Nervous Systems
Quantified Life and the Social Question
Nervous Systems is an exhibition about how our experience and understanding of the “self” and the “social” are changing. It looks at how we become part of vast networked infrastructures and the way that abstract laws of the market and finance capitalism translate into subjective experience and embodied activity. It asks how the enormous amounts of data about human behavior affect and transform this behavior.
Todays’ agitated nation-states and overreaching institutions often act according to the fantasy that given sufficient information, threats, disasters, and disruptions can be predicted and controlled; economies can be managed; and profit margins can be elevated. This new belief in technological solutions fostered by data analysis, reality mining, pattern recognition, and forecasting increasingly dominates all aspects of contemporary society and replaces political and hermeneutical processes.
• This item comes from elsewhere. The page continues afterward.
(* Let $\Lambda$ be a row-finite $k$-graph with no sources and $R$ a commutative ring with $1$. For $(\alpha,\beta)\in\Lambda\times\Lambda$ with $s(\alpha)=s(\beta)$, the following are equivalent: (1) $s_{\alpha\gamma}s_{(\alpha\gamma)^*}=s_{\beta\gamma}s_{(\beta\gamma)^*}$ for all $\gamma\in s(\alpha)\Lambda$; (2) $s_\alpha s_{\beta^*}$ is normal (i.e. $aa^*=a^*a$ for $a=s_\alpha s_{\beta^*}$) and commutes with every element of $\mathcal{D}$; (3) $\alpha\gamma=\beta\gamma$ for all $\gamma\in s(\alpha)\Lambda^\infty$.
   Context: A $k$-graph is a countable category $\Lambda$ (objects $\Lambda^0$, vertices; morphisms, paths; range/source maps $r,s$) with a degree functor $d:\Lambda\to\mathbb{N}^k$ satisfying unique factorization: if $d(\lambda)=m+n$ there are unique $\mu,\nu$ with $s(\mu)=r(\nu)$, $d(\mu)=m$, $d(\nu)=n$, $\lambda=\mu\nu$. $\Lambda^n=d^{-1}(n)$, $v\Lambda=\{\lambda:r(\lambda)=v\}$, $v\Lambda^n=v\Lambda\cap\Lambda^n$. Row-finite with no sources: each $v\Lambda^n$ is finite and nonempty. ${\rm KP}_R(\Lambda)$ is the universal $R$-algebra generated by $p_v$ ($v\in\Lambda^0$) and $s_\lambda,s_{\lambda^*}$ ($d(\lambda)\neq0$) with relations (KP1) $p_v$ mutually orthogonal idempotents; (KP2) $s_\lambda s_\mu=s_{\lambda\mu}$, $s_{\mu^*}s_{\lambda^*}=s_{(\lambda\mu)^*}$, $p_{r(\lambda)}s_\lambda=s_\lambda=s_\lambda p_{s(\lambda)}$, $p_{s(\lambda)}s_{\lambda^*}=s_{\lambda^*}=s_{\lambda^*}p_{r(\lambda)}$ when $r(\mu)=s(\lambda)$; (KP3) $s_{\lambda^*}s_\mu=\delta_{\lambda,\mu}p_{s(\lambda)}$ when $d(\lambda)=d(\mu)$; (KP4) $p_v=\sum_{\lambda\in v\Lambda^n}s_\lambda s_{\lambda^*}$ for $n\neq0$. Convention $s_v=s_{v^*}=p_v$. ${\rm KP}_R(\Lambda)$ is spanned by $\{s_\mu s_{\nu^*}: s(\mu)=s(\nu)\}$ and carries the $R$-linear involution $a\mapsto a^*$ with $(s_\alpha s_{\beta^*})^*=s_\beta s_{\alpha^*}$. $\mathcal{D}$ is the $R$-subalgebra generated by $\{s_\mu s_{\mu^*}:\mu\in\Lambda\}$. Let $\Omega_k$ be the $k$-graph with objects $\mathbb{N}^k$, morphisms $\{(p,q): p\le q\}$, $r(p,q)=p$, $s(p,q)=q$, $(p,q)(q,t)=(p,t)$, $d(p,q)=q-p$. An infinite path is a degree-preserving functor $x:\Omega_k\to\Lambda$; $\Lambda^\infty$ is the set of infinite paths, $r(x)=x(0,0)$, and $v\Lambda^\infty=\{x: r(x)=v\}$. For $\alpha\in\Lambda$ and $x\in s(\alpha)\Lambda^\infty$, $\alpha x$ is the unique infinite path with $(\alpha x)(0,n)=\alpha\,x(0,n-d(\alpha))$ for all $n\ge d(\alpha)$. *)

theory Defs
  imports Main "HOL-Library.Function_Algebras" "HOL-Library.Countable_Set"
begin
The idea of a “nervous system” has become a chief motif to describe this proposed unification of life and technology; the organic and the machinic. Today, corporations speak of “smart nerves” and “synaptic real time connections” as managerial solutions to everything from government and business to natural ecologies. In the exhibition, a different notion of “nervousness” is being explored: the one that haunts todays’ systems and data-driven rationalities and ideologies. Visual, historical, and practical materials by artists, technologists, theorists, and activists cast light on specific ideas of governance, power, and control that have emerged over the last 100 years and how these have influenced the formation of our new data-economies. Against this backdrop, and in the context of contemporary capitalism, what used to be called the “social question”—the relationship between individuals, society, and state—has to be framed anew.